Now it is time to put together everything we have learned so far! Over the next 4 weeks, we will be making the Doctor Who Tardis. This week we will set up the variables. The second week will be the Tardis’ functions. Next week we will make the shapes and position everything. In the last section, we will add details and text.

So in case you don’t know what the Tardis looks like, here is what we will be making:

tardis-finished

In order to easily modify anything and write the code quicker, I have made a boat load of variables and functions. This will not only give you great practice but a good stopping point at the end of this part.

Let’s start with the variables first.

Since the Tardis is a bunch of boxes stacked on each other, I have made variables for each set of boxes. Starting with the biggest box, I have the tardisW and tardisH variables for the width and the height. I set them at 200 and 300 respectively. Next, you have the door. This need to be proportional to the big box, so I made my variable value into a math problem. For the width, doorW, I set it to tardisW – 43. For the height, doorH, I set it to tardisW – 42. The door panels are next. I  set the width and height to 45 but made them separate variables just in case I want to make them different. Next is the windows in the first row. The width and height are set to pannelW/3 and pannelH/2 in that order.

To get the spacing even in both directions, I made 2 variables for each row of panels. One for the x-direction and one for the y-direction. For the left side, I have a variable called lRowX and set it to 155. For the right side, I made the variable rRowX that is set at 239. These will make sure every panel is lined up in the x-direction or horizontally.

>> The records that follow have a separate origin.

(* Let $\rho_1,\rho_2$ be non-negative Borel measures on $\mathbb{T}^d$ with $\rho_k(\{\mathbf{1}\})=0$ and $\|\mathbf{1}-\Re\boldsymbol s\|\in L^1(\rho_k)$ for $k=1,2$. Suppose that $$\Re\int_{\mathbb{T}^d}(1-\boldsymbol s^{\boldsymbol p})\,d\rho_1(\boldsymbol s)=\Re\int_{\mathbb{T}^d}(1-\boldsymbol s^{\boldsymbol p})\,d\rho_2(\boldsymbol s)\quad\text{for all }\boldsymbol p\in\mathbb{Z}^d.$$ Then $\rho_1(B)=\rho_2(B)$ for every even Borel set $B\subset\mathbb{T}^d$.
   Context: $\boldsymbol s^{\boldsymbol p}=s_1^{p_1}\cdots s_d^{p_d}$, $\Re\boldsymbol s=(\Re s_1,\dots,\Re s_d)$, $\mathbf{1}=(1,\dots,1)$. A Borel set $B\subset\mathbb{T}^d$ is even if $B^{-1}=B$, where $\boldsymbol s^{-1}=(1/s_1,\dots,1/s_d)$. *)

theory Defs
  imports "HOL-Analysis.Analysis"
begin

definition torus :: "(complex ^ 'd) set" where
  "torus = {s. \<forall>i. norm (s $ i) = 1}"

definition monom_pow :: "complex ^ 'd \<Rightarrow> int ^ 'd \<Rightarrow> complex" where
  "monom_pow s p = (\<Prod>i\<in>UNIV. (s $ i) powi (p $ i))"

definition tinv :: "complex ^ 'd \<Rightarrow> complex ^ 'd" where
  "tinv s = (\<chi> i. 1 / s $ i)"

definition one_minus_re :: "complex ^ 'd \<Rightarrow> real ^ 'd" where
  "one_minus_re s = (\<chi> i. 1 - Re (s $ i))"
lemma eig_norm_split:
  assumes w: "w \<ge> 1" and L: "1 + L \<noteq> 0" and M: "1 + M \<noteq> 0"
  shows "(1 + L) * (1 + M) * eig_norm L M w p = (1 + L) * (1 + M) * (\<Sum>h\<le>w. (eigvec M w p h)^2)
    - L * (1 + M) * (eigvec M w p 0)^2 - M * (1 + L) * (eigvec M w p w)^2"
proof -
  define f where "f h = (eigvec M w p h)^2" for h
  have "f h / weight L M w h = f h - ((if h = 0 then L / (1 + L) * f 0 else 0)
      + (if h = w then M / (1 + M) * f w else 0))" for h
    using w L M by (auto simp: weight_def field_simps)
  then have eq: "eig_norm L M w p = (\<Sum>h\<le>w. f h) - L / (1 + L) * f 0 - M / (1 + M) * f w"
    by (simp add: eig_norm_def f_def[symmetric] sum_subtractf sum.distrib)
  have ring:  "(1 + L) * (1 + M) * (S - a * f 0 - b * f w) =
      (1 + L) * (1 + M) * S - (1 + M) * ((1 + L) * a) * f 0 - (1 + L) * ((1 + M) * b) * f w" for S a b
    by (simp add: algebra_simps)
  have "(1 + L) * (1 + M) * eig_norm L M w p = (1 + L) * (1 + M) * (\<Sum>h\<le>w. f h)
      - (1 + M) * ((1 + L) * (L / (1 + L))) * f 0 - (1 + L) * ((1 + M) * (M / (1 + M))) * f w"
    unfolding eq by (rule ring)
  then show ?thesis
    using L M by (simp add: f_def)
qed

lemma eig_norm_closed_form:
  assumes w: "w \<ge> 1" and L: "1 + L \<noteq> 0" and M: "1 + M \<noteq> 0"
  shows "(1 + L) * (1 + M) * eig_norm L M w p =
    (1 + L) * (1 + M) * (((M - p^2)^2 * p^(2*w) + (1 - M*p^2)^2) * (\<Sum>h\<le>w. (p^2)^h)
      + 2 * (of_nat w + 1) * (M - p^2) * (1 - M*p^2) * p^(2*w))
    - L * (1 + M) * ((M - p^2) * p^(2*w) + (1 - M*p^2))^2
    - M * (1 + L) * ((1 + M) * (1 - p^2))^2 * p^(2*w)"
proof -
  have "(eigvec M w p w)^2 = ((1 + M) * (1 - p^2))^2 * p^(2*w)"
    by (simp add: eigvec_w power_mult_distrib power_even_eq)
  then show ?thesis
    unfolding eig_norm_split[OF w L M] sum_eigvec_sq eigvec_0 by simp
qed

text \<open>The transfer matrix is symmetric for the bilinear form with weights \<open>1 / weight\<close>; this
  identity expresses the norm of the eigenvector in that form through \<open>D'(p)\<close>.\<close>

lemma eig_norm_identity:
  assumes D: "poly (D_poly L M w) p = 0" and P: "p^2 \<noteq> 1" and w: "w \<ge> 1"
    and L: "1 + L \<noteq> 0" and M: "1 + M \<noteq> 0"
  shows "(L - p^2) * eig_norm L M w p = - (1 - M*p^2) * (p * poly (pderiv (D_poly L M w)) p)"
proof -
  define P Q G W where "P = p^2" and "Q = p^(2*w)" and "G = (\<Sum>h\<le>w. (p^2)^h)"
    and "W = (of_nat w :: complex)"
  have root: "(1 - L*P) * (1 - M*P) = (L - P) * (M - P) * Q"
    using D by (simp add: poly_D_poly P_def Q_def)
  have geom: "(P - 1) * G = P * Q - 1"
  proof -
    have "(1 - P) * G = 1 - P^Suc w"
      unfolding G_def P_def by (rule sum_gp_basic)
    also have "P^Suc w = P * Q"
      by (simp add: P_def Q_def power_mult)
    finally show ?thesis by (simp add: algebra_simps)
  qed
  have pD': "p * poly (pderiv (D_poly L M w)) p = - 2*L*P*(1 - M*P) - 2*M*P*(1 - L*P)
      + 2*P*(L + M - 2*P)*Q - 2*W*(L - P)*(M - P)*Q"
    unfolding P_def Q_def W_def by (rule p_mult_pderiv_D_poly[OF w])
  have N: "(1 + L) * (1 + M) * eig_norm L M w p = (1 + L) * (1 + M) * (((M - P)^2 * Q + (1 - M*P)^2) * G
      + 2 * (W + 1) * (M - P) * (1 - M*P) * Q)
      - L * (1 + M) * ((M - P) * Q + (1 - M*P))^2 - M * (1 + L) * ((1 + M) * (1 - P))^2 * Q"
    unfolding P_def Q_def G_def W_def by (rule eig_norm_closed_form[OF w L M])
  have "(P - 1) * ((L - P) * ((1 + L) * (1 + M) * (((M - P)^2 * Q + (1 - M*P)^2) * G
      + 2 * (W + 1) * (M - P) * (1 - M*P) * Q)
      - L * (1 + M) * ((M - P) * Q + (1 - M*P))^2 - M * (1 + L) * ((1 + M) * (1 - P))^2 * Q)
    + (1 + L) * (1 + M) * (1 - M*P) * (- 2*L*P*(1 - M*P) - 2*M*P*(1 - L*P)
      + 2*P*(L + M - 2*P)*Q - 2*W*(L - P)*(M - P)*Q)) = 0"
    using root geom by algebra
  moreover have "P - 1 \<noteq> 0" using P by (simp add: P_def)
  ultimately have "(L - P) * ((1 + L) * (1 + M) * eig_norm L M w p)
      + (1 + L) * (1 + M) * (1 - M*P) * (p * poly (pderiv (D_poly L M w)) p) = 0"
    unfolding N pD' by simp
  then have "(1 + L) * (1 + M) * ((L - P) * eig_norm L M w p
      + (1 - M*P) * (p * poly (pderiv (D_poly L M w)) p)) = 0"
    by (simp add: algebra_simps)
  then have "(L - P) * eig_norm L M w p + (1 - M*P) * (p * poly (pderiv (D_poly L M w)) p) = 0"
    using L M by simp
  then show ?thesis
    by (simp only: P_def mult_minus_left eq_neg_iff_add_eq_0)
qed

lemma weight_of_real:
  "weight (of_real L) (of_real M) w h = of_real (if h = 0 then 1 + L else if h = w then 1 + M else 1)"
  by (simp add: weight_def)

lemma Im_neighbour_form: "Im (\<Sum>h\<le>w. cnj (v h) * neighbour_sum w v h) = 0"
proof (cases w)
  case 0
  then show ?thesis by (simp add: neighbour_sum_def)
next
  case (Suc k)
  have "(\<Sum>h\<le>w. cnj (v h) * neighbour_sum w v h)
      = (\<Sum>h\<le>w. if 0 < h then cnj (v h) * v (h - 1) else 0) + (\<Sum>h\<le>w. if h < w then cnj (v h) * v (h + 1) else 0)"
    unfolding sum.distrib[symmetric] by (intro sum.cong refl) (simp add: neighbour_sum_def distrib_left)
  also have "(\<Sum>h\<le>w. if 0 < h then cnj (v h) * v (h - 1) else 0) = (\<Sum>h\<le>k. cnj (v (Suc h)) * v h)"
    unfolding Suc sum.atMost_Suc_shift by simp
  also have "(\<Sum>h\<le>w. if h < w then cnj (v h) * v (h + 1) else 0) = (\<Sum>h\<le>k. cnj (v h) * v (Suc h))"
    unfolding Suc sum.atMost_Suc by simp
  also have "(\<Sum>h\<le>k. cnj (v (Suc h)) * v h) + (\<Sum>h\<le>k. cnj (v h) * v (Suc h))
      = (\<Sum>h\<le>k. cnj (v (Suc h)) * v h + cnj (cnj (v (Suc h)) * v h))"
    by (simp add: sum.distrib mult.commute)
  finally show ?thesis by (simp add: Im_sum)
qed

lemma weighted_norm_pos:
  fixes v :: "nat \<Rightarrow> complex"
  assumes "v w \<noteq> 0" and "\<And>h. r h > 0"
  shows "(\<Sum>h\<le>w. (cmod (v h))^2 / r h) > 0"
proof -
  have "(cmod (v w))^2 / r w > 0" using assms by simp
  also have "(cmod (v w))^2 / r w \<le> (\<Sum>h\<le>w. (cmod (v h))^2 / r h)"
    using assms(2) by (intro member_le_sum) (auto intro: divide_nonneg_pos)
  finally show ?thesis .
qed

lemma one_plus_of_real_nonzero: "x \<ge> 0 \<Longrightarrow> 1 + complex_of_real x \<noteq> 0"
  by (metis of_real_1 of_real_add of_real_eq_0_iff add_nonneg_eq_0_iff zero_le_one one_neq_zero)

lemma eigvec_w_nonzero:
  fixes M :: real
  assumes "M \<ge> 0" and "p \<noteq> 0" and "p^2 \<noteq> 1"
  shows "eigvec (of_real M) w p w \<noteq> 0"
  using assms one_plus_of_real_nonzero[of M] by (simp add: eigvec_w)

text \<open>Self-adjointness of the transfer matrix: pairing its eigenvalue equation with the conjugate
  eigenvector gives a real number, so the eigenvalue \<open>p + 1/p\<close> is real.\<close>

lemma D_poly_root_real_or_unimodular:
  fixes L M :: real
  assumes D: "poly (D_poly (of_real L) (of_real M) w) p = 0" and P: "p^2 \<noteq> 1" and w: "w \<ge> 1"
    and L: "L \<ge> 0" and M: "M \<ge> 0"
  shows "Im p = 0 \<or> cmod p = 1"
proof -
  define r where "r h = (if h = 0 then 1 + L else if h = w then 1 + M else 1)" for h
  define v where "v = eigvec (of_real M) w p"
  define S where "S = (\<Sum>h\<le>w. (cmod (v h))^2 / r h)"
  define x where "x = (1 + p^2) / p"
  have p: "p \<noteq> 0" using D_poly_root_nonzero[OF w D] .
  have r: "r h > 0" for h using L M by (simp add: r_def)
  have "S > 0"
    unfolding S_def using eigvec_w_nonzero[OF M p P] r by (intro weighted_norm_pos) (auto simp: v_def)
  have "cnj (v h) * neighbour_sum w v h = x * of_real ((cmod (v h))^2 / r h)" if "h \<le> w" for h
  proof -
    have "x * v h = of_real (r h) * neighbour_sum w v h"
      using eigvec_eigen[OF D w that] by (simp add: x_def v_def weight_of_real r_def)
    then have "cnj (v h) * neighbour_sum w v h = x * (v h * cnj (v h)) / of_real (r h)"
      using r[of h] by (simp add: field_simps)
    then show ?thesis
      by (simp flip: complex_norm_square)
  qed
  then have "(\<Sum>h\<le>w. cnj (v h) * neighbour_sum w v h) = x * of_real S"
    by (simp add: S_def sum_distrib_left)
  then have "Im x = 0"
    using Im_neighbour_form[of v w] \<open>S > 0\<close> by simp
  moreover have "Im x = Im p * (1 - 1 / (cmod p)^2)"
    by (simp add: x_def add_divide_distrib power2_eq_square Im_divide' algebra_simps)
  ultimately have "Im p = 0 \<or> (cmod p)^2 = 1"
    using p by simp
  then show ?thesis
    using norm_ge_zero[of p] by (auto simp: power2_eq_1_iff)
qed

lemma eigvec_real:
  fixes M :: real
  assumes "Im p = 0"
  shows "(eigvec (of_real M) w p h)^2 = of_real ((cmod (eigvec (of_real M) w p h))^2)"
proof -
  have "p = of_real (Re p)" using assms by (simp add: complex_eq_iff)
  then have "eigvec (of_real M) w p h = of_real (Re (eigvec (of_real M) w p h))"
    by (subst (1 2) \<open>p = of_real (Re p)\<close>) (simp add: eigvec_def complex_eq_iff)
  then show ?thesis
    by (metis norm_of_real of_real_power power2_abs)
qed

text \<open>On the unit circle \<open>cnj p = 1/p\<close>, and the eigenvector is reflected into itself:
  \<open>p\<^sup>2\<^sup>w\<^sup>+\<^sup>2 \<cdot> cnj \<psi> = -\<psi>\<close>.\<close>

lemma eigvec_unimodular:
  fixes M :: real
  assumes "cmod p = 1" and "h \<le> w"
  shows "(eigvec (of_real M) w p h)^2 = - (p^(2*w + 2)) * of_real ((cmod (eigvec (of_real M) w p h))^2)"
proof -
  define v where "v = eigvec (of_real M) w p h"
  have "p \<noteq> 0" using assms(1) by auto
  have cnj_p: "cnj p = 1 / p"
    using complex_norm_square[of p] assms(1) \<open>p \<noteq> 0\<close> by (simp add: field_simps)
  define a b where "a = p^(2*w - h)" and "b = p^h"
  have ab: "p^(2*w + 2) = p^2 * a * b"
    using assms(2) by (simp add: a_def b_def flip: power_add)
  have "a \<noteq> 0" "b \<noteq> 0" using \<open>p \<noteq> 0\<close> by (simp_all add: a_def b_def)
  have cnj_v: "cnj v = (of_real M - 1 / p^2) / a + (1 - of_real M / p^2) / b"
    by (simp add: v_def eigvec_def a_def b_def cnj_p power_one_over divide_simps)
  have v: "v = (of_real M - p^2) * a + (1 - of_real M * p^2) * b"
    by (simp add: v_def eigvec_def a_def b_def)
  have "p^(2*w + 2) * cnj v = - ((of_real M - p^2) * a + (1 - of_real M * p^2) * b)"
    unfolding ab cnj_v using \<open>a \<noteq> 0\<close> \<open>b \<noteq> 0\<close> \<open>p \<noteq> 0\<close> by (simp add: field_simps)
  then have reflect: "p^(2*w + 2) * cnj v = - v"
    by (simp only: v[symmetric])
  have "v^2 = - (p^(2*w + 2) * cnj v) * v"
    unfolding reflect by (simp add: power2_eq_square)
  then show ?thesis
    unfolding v_def[symmetric] complex_norm_square by (simp add: algebra_simps)
qed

The spacing in the y-direction requires one variable per row. This set of variables follows a pattern since they all have the same spacing.  The first row has been assigned the variable row1 and is set at 124. Since there are 4 rows you will have the variables named, row1, row2, row3, and row4. Each variable adds 62 to the last one. For example, row 2’s variable is set at row1 + 62. Row 3’s variable is set at row2 + 62, and so on.